Thursday, 2 May 2013: 14:00-18:00
Banquet Hall (Kursaal Centre)
S. Ghai1, K. L. Muench2, A. Klin2 and G. Ramsay2, (1)Marcus Autism Center, Children's Healthcare of Atlanta and Emory University School of Medicine, Atlanta, GA, (2)Marcus Autism Center, Children's Healthcare of Atlanta & Emory University School of Medicine, Atlanta, GA

Atypicalities in vocal behavior have been consistently associated with autism since the earliest descriptions of the condition. Many studies analyzing speech development in autism have focused on investigating differences in intonation and rhythm associated specifically with prosodic deficits that seem to be characteristic of ASD. In our previous research, we showed that prosodic deficits, in the form of elevated and more variable fundamental frequency contours, may appear within the first year of life in infants at risk of autism, accompanied by atypical patterns of vocal interaction. However, it is not yet clear whether differences in prosody are specifically linked to deficits in social engagement, as our data suggest, or might instead simply be due to more general problems with motor control seen in ASD. Since fundamental frequency is only one property of the speech signal, characteristics of other voice source parameters might reveal a clearer picture about the origin of speech disorders in autism.


The goal of this study is to analyze developmental profiles of voice quality measures in the first two years of life in infants at risk of autism. By comparing measures that characterize different aspects of glottal function, we test the hypothesis that vocal atypicalities in high-risk infants reflect a core prosodic deficit specific to autism, as opposed to a more general deficit in phonatory function arising from motor impairments comorbid with ASD.

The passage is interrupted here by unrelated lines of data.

lemma interval_integral_threshold_sum:
  fixes q d :: "'j \<Rightarrow> real"
  assumes "finite A" and q: "\<And>j. j \<in> A \<Longrightarrow> 0 \<le> q j"
  shows "(LBINT z=0..t. c + (\<Sum>j\<in>A. if q j < z then d j else 0))
       = c * t + (\<Sum>j\<in>A. d j * max 0 (t - q j))"
proof (cases "0 \<le> t")
  case True
  have "indicator {0..t} z * (c + (\<Sum>j\<in>A. if q j < z then d j else 0))
      = c * indicator {0..t} z + (\<Sum>j\<in>A. d j * indicator {q j<..t} z)" for z :: real
  proof (cases "z \<in> {0..t}")
    case False
    then have "indicator {q j<..t} z = (0::real)" if "j \<in> A" for j
      using q[OF that] by auto
    with False show ?thesis by simp
  qed (auto simp: indicator_def sum_distrib_left intro!: sum.cong)
  moreover have "(LBINT z=0..t. c + (\<Sum>j\<in>A. if q j < z then d j else 0))
      = (LBINT z:{0..t}. c + (\<Sum>j\<in>A. if q j < z then d j else 0))"
    using interval_integral_Icc[of 0 t] True by (simp add: zero_ereal_def)
  ultimately have integral_eq: "(LBINT z=0..t. c + (\<Sum>j\<in>A. if q j < z then d j else 0))
      = (\<integral>z. c * indicator {0..t} z + (\<Sum>j\<in>A. d j * indicator {q j<..t} z) \<partial>lborel)"
    by (simp add: set_lebesgue_integral_def)
  have "emeasure lborel {a<..b} < \<infinity>" "measure lborel {a<..b} = max 0 (b - a)" for a b :: real
    by (cases "a \<le> b"; simp)+
  then have "(LBINT z=0..t. c + (\<Sum>j\<in>A. if q j < z then d j else 0))
      = c * t + (\<Sum>j\<in>A. d j * measure lborel {q j<..t})"
    unfolding integral_eq using True
    by (subst Bochner_Integration.integral_add)
       (auto intro!: integrable_sum integrable_real_indicator simp: Bochner_Integration.integral_sum)
  then show ?thesis
    by (simp add: \<open>measure lborel {_<.._} = _\<close>)
next
  case False
  have "(LBINT z=0..t. c + (\<Sum>j\<in>A. if q j < z then d j else 0)) = (LBINT z=0..t. c)"
  proof (rule interval_integral_cong)
    fix z assume "z \<in> einterval (min 0 (ereal t)) (max 0 (ereal t))"
    then have "z < 0"
      using False by (auto simp: einterval_iff min_def max_def zero_ereal_def)
    then show "c + (\<Sum>j\<in>A. if q j < z then d j else 0) = c"
      using q by (force intro!: sum.neutral)
  qed
  moreover have "(LBINT z=0..t. c) = c * t"
    using interval_integral_const(2)[of 0 t c] by (simp add: zero_ereal_def)
  moreover have "max 0 (t - q j) = 0" if "j \<in> A" for j
    using False q[OF that] by simp
  ultimately show ?thesis
    by simp
qed

lemma quantile_strategy_payment_identity:
  fixes hP hX :: "real \<Rightarrow> real"
  assumes vd: "value_distribution M" and ps: "prob_simplex K \<pi>" and hP0: "hP 0 = 0"
  defines "\<sigma> \<equiv> quantile_strategy K M \<pi>" and "q \<equiv> \<lambda>j. quantile M (cum \<pi> j)"
  shows "hP (\<sigma> t) - (hX (\<sigma> t) * t - (LBINT z=0..t. hX (\<sigma> z)))
       = (\<Sum>j=1..K+1. if q j < t then bid_jump K hP j - bid_jump K hX j * q j else 0)"
proof -
  have X: "hX (\<sigma> z) = hX 0 + (\<Sum>j=1..K+1. if q j < z then bid_jump K hX j else 0)" for z
    unfolding \<sigma>_def q_def by (rule fun_quantile_strategy_eq_sum_jumps[OF vd ps])
  have P: "hP (\<sigma> t) = (\<Sum>j=1..K+1. if q j < t then bid_jump K hP j else 0)"
    unfolding \<sigma>_def q_def using fun_quantile_strategy_eq_sum_jumps[OF vd ps, of hP] hP0 by simp
  have "0 \<le> q j" if "j \<in> {1..K+1}" for j
    unfolding q_def using that cum_bounds[OF ps] by (intro quantile_bounds vd) auto
  then have integral: "(LBINT z=0..t. hX (\<sigma> z))
      = hX 0 * t + (\<Sum>j=1..K+1. bid_jump K hX j * max 0 (t - q j))"
    unfolding X by (intro interval_integral_threshold_sum) auto
  have "hX (\<sigma> t) * t - (LBINT z=0..t. hX (\<sigma> z))
      = (\<Sum>j=1..K+1. if q j < t then bid_jump K hX j else 0) * t
        - (\<Sum>j=1..K+1. bid_jump K hX j * max 0 (t - q j))"
    unfolding integral unfolding X[of t] by (simp add: algebra_simps)
  also have "\<dots> = (\<Sum>j=1..K+1. (if q j < t then bid_jump K hX j else 0) * t
                                  - bid_jump K hX j * max 0 (t - q j))"
    by (simp only: sum_distrib_right sum_subtractf)
  also have "\<dots> = (\<Sum>j=1..K+1. if q j < t then bid_jump K hX j * q j else 0)"
    by (intro sum.cong) (auto simp: max_def algebra_simps)
  finally show ?thesis
    unfolding P by (simp add: sum_subtractf[symmetric] if_distrib cong: if_cong)
qed

lemma integral_PiM_fun_upd:
  fixes f :: "('i \<Rightarrow> 'a) \<Rightarrow> 'b::{banach, second_countable_topology}"
  assumes "finite I" "i \<in> I" "\<And>l. l \<in> I \<Longrightarrow> sigma_finite_measure (D l)"
    and "integrable (PiM I D) f"
  shows "(\<integral>v. f v \<partial>PiM I D) = (\<integral>v. (\<integral>y. f (v(i := y)) \<partial>D i) \<partial>PiM (I - {i}) D)"
proof -
  \<comment> \<open>The product locale wants every factor sigma-finite, also those outside I.\<close>
  define D' where "D' l = (if l \<in> I then D l else count_space {})" for l
  have "product_sigma_finite D'"
    unfolding product_sigma_finite_def D'_def
    using assms(3) sigma_finite_measure_count_space_finite[of "{} :: 'a set"] by simp
  then interpret product_sigma_finite D' .
  have "PiM I D = PiM (insert i (I - {i})) D'"
    using assms(2) by (intro PiM_cong) (auto simp: D'_def)
  moreover have "PiM (I - {i}) D = PiM (I - {i}) D'"
    by (intro PiM_cong) (auto simp: D'_def)
  moreover have "D i = D' i"
    using assms(2) by (simp add: D'_def)
  ultimately show ?thesis
    using product_integral_insert[of "I - {i}" i f] assms(1,4) by simp
qed

lemma finite_bid_profiles: "finite (bid_profiles n K)"
proof -
  have "bidset K = (\<lambda>j. real j / real K) ` {..K}"
    unfolding bidset_def by auto
  then have "finite {b. \<forall>i. (i \<in> {..<n} \<longrightarrow> b i \<in> bidset K) \<and> (i \<notin> {..<n} \<longrightarrow> b i = 0)}"
    by (intro finite_set_of_finite_funs) auto
  moreover have "bid_profiles n K
      = {b. \<forall>i. (i \<in> {..<n} \<longrightarrow> b i \<in> bidset K) \<and> (i \<notin> {..<n} \<longrightarrow> b i = 0)}"
    unfolding bid_profiles_def lessThan_iff not_less[symmetric] by blast
  ultimately show ?thesis by simp
qed

lemma borel_measurable_quantile_strategy: "quantile_strategy K M \<pi> \<in> borel_measurable borel"
  unfolding quantile_strategy_def by measurable

locale quantile_bidding =
  fixes n K :: nat
    and D :: "nat \<Rightarrow> real measure"
    and x p :: "nat \<Rightarrow> (nat \<Rightarrow> real) \<Rightarrow> real"
    and \<pi> :: "nat \<Rightarrow> nat \<Rightarrow> real"
  assumes value_distribution: "\<And>i. i < n \<Longrightarrow> value_distribution (D i)"
    and auction_format: "auction_format n K x p"
    and voluntary_participation: "voluntary_participation n K p"
    and prob_simplex: "\<And>i. i < n \<Longrightarrow> prob_simplex K (\<pi> i)"
begin

abbreviation strategy :: "nat \<Rightarrow> real \<Rightarrow> real" where
  "strategy \<equiv> \<lambda>l. quantile_strategy K (D l) (\<pi> l)"

abbreviation bids :: "(nat \<Rightarrow> real) \<Rightarrow> nat \<Rightarrow> real" where
  "bids \<equiv> bid_profile_of n strategy"

abbreviation threshold :: "nat \<Rightarrow> nat \<Rightarrow> real" where
  "threshold i j \<equiv> quantile (D i) (cum (\<pi> i) j)"

abbreviation directional_grad :: "nat \<Rightarrow> (nat \<Rightarrow> real) \<Rightarrow> real" where
  "directional_grad i v \<equiv>
     \<Sum>k=1..K+1. grad K x p (D i) (\<pi> i) i (bids v) k * ((if k = 1 then 1 else 0) - \<pi> i k)"

definition jump_coeff :: "nat \<Rightarrow> (nat \<Rightarrow> real) \<Rightarrow> nat \<Rightarrow> real" where
  "jump_coeff i b j =
     bid_jump K (\<lambda>t. p i (b(i := t))) j - bid_jump K (\<lambda>t. x i (b(i := t))) j * threshold i j"

definition payment_gap :: "nat \<Rightarrow> (nat \<Rightarrow> real) \<Rightarrow> real" where
  "payment_gap i v = (\<Sum>j=1..K+1. if threshold i j < v i then jump_coeff i (bids v) j else 0)"

lemma bids_mem_bid_profiles: "bids v \<in> bid_profiles n K"
  using quantile_strategy_mem_bidset[OF value_distribution prob_simplex]
  by (auto simp: bid_profile_of_def bid_profiles_def)

lemma bids_fun_upd: "i < n \<Longrightarrow> bids (v(i := y)) = (bids v)(i := strategy i y)"
  by (auto simp: bid_profile_of_def)

lemma fun_upd_mem_bid_profiles:
  "b \<in> bid_profiles n K \<Longrightarrow> i < n \<Longrightarrow> t \<in> bidset K \<Longrightarrow> b(i := t) \<in> bid_profiles n K"
  by (auto simp: bid_profiles_def)

lemma jump_coeff_fun_upd [simp]: "jump_coeff i (b(i := t)) j = jump_coeff i b j"
  by (simp add: jump_coeff_def)

lemma aux_pay_eq:
  assumes "i < n"
  shows "aux_pay n x strategy i v = p i (bids v) - payment_gap i v"
proof -
  let ?b = "bids v"
  have "p i (?b(i := 0)) = 0"
    using voluntary_participation bids_mem_bid_profiles assms
    unfolding voluntary_participation_def by blast
  then have "p i (?b(i := strategy i (v i))) - (x i (?b(i := strategy i (v i))) * v i
               - (LBINT z=0..v i. x i (?b(i := strategy i z))))
           = payment_gap i v"
    unfolding payment_gap_def jump_coeff_def
    by (rule quantile_strategy_payment_identity[OF value_distribution[OF assms] prob_simplex[OF assms]])
  moreover have "?b(i := strategy i (v i)) = ?b"
    using assms by (auto simp: bid_profile_of_def)
  moreover have "aux_alloc n x strategy i (v(i := z)) = x i (?b(i := strategy i z))" for z
    using assms by (simp add: aux_alloc_def bids_fun_upd)
  moreover have "aux_alloc n x strategy i v = x i ?b"
    by (simp add: aux_alloc_def)
  ultimately show ?thesis
    unfolding aux_pay_def by simp
qed

lemma integral_payment_gap_fun_upd:
  assumes "i < n"
  shows "(\<integral>y. payment_gap i (v(i := y)) \<partial>D i) = directional_grad i v"
proof -
  interpret real_distribution "D i"
    using value_distribution[OF assms] by (rule value_distribution_real_distribution)
  have "payment_gap i (v(i := y))
      = (\<Sum>j=1..K+1. if threshold i j < y then jump_coeff i (bids v) j else 0)" for y
    unfolding payment_gap_def bids_fun_upd[OF assms] jump_coeff_fun_upd by simp
  then have "(\<integral>y. payment_gap i (v(i := y)) \<partial>D i)
      = (\<integral>y. (\<Sum>j=1..K+1. if threshold i j < y then jump_coeff i (bids v) j else 0) \<partial>D i)"
    by simp
  also have "\<dots> = (\<Sum>j=1..K+1. jump_coeff i (bids v) j * (1 - cdf (D i) (threshold i j)))"
    by (rule integral_threshold_sum) simp
  also have "\<dots> = (\<Sum>j=1..K+1. jump_coeff i (bids v) j * (1 - cum (\<pi> i) j))"
    using cdf_quantile[OF value_distribution[OF assms]] cum_bounds[OF prob_simplex[OF assms]]
    by (intro sum.cong) auto
  also have "\<dots> = directional_grad i v"
    unfolding jump_coeff_def
    by (rule grad_inner_unit_minus_weights[symmetric]) (rule cum_top[OF prob_simplex[OF assms]])
  finally show ?thesis .
qed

As part of an ongoing study, speech data were collected from 4 low-risk infants with no family history of autism and 4 high-risk infants with older siblings already diagnosed with autism. Day-long audio recordings of each child were made with a digital audio recording device (LENA Foundation) sent to participating families by mail and worn by the child for the entire day of the recording. The recording sessions began at 2 months and continued at monthly intervals for 12 months. Non-cry vocalizations for each child were extracted from each recording by hand labeling. Standard measures of voice quality including the fundamental frequency, open quotient, return quotient and speed quotient were estimated on a frame-by-frame basis for all segmented speech files. Developmental changes in all of our measures were quantified by using Functional Data Analysis to align the resulting densely sampled longitudinal profiles across individuals and derive growth charts of vocal development. Clinical assessments were carried out at 24 months to determine outcome.


In our high-risk sample, two infants were diagnosed with broader autism phenotype and two had non-autistic language delays; all low-risk infants were found to be typically developing. Voice quality profiles showed that fundamental frequency was elevated and more variable across BAP and LD infants, diverging from TD infants at around 9 months. No significant differences are currently observed in our other measures.


Our results indicate that atypical vocal behavior in infants at risk of autism begins to develop towards the end of the first year of life, and may present as specific differences in intonational prosody rather than properties reflecting more general problems in phonatory control.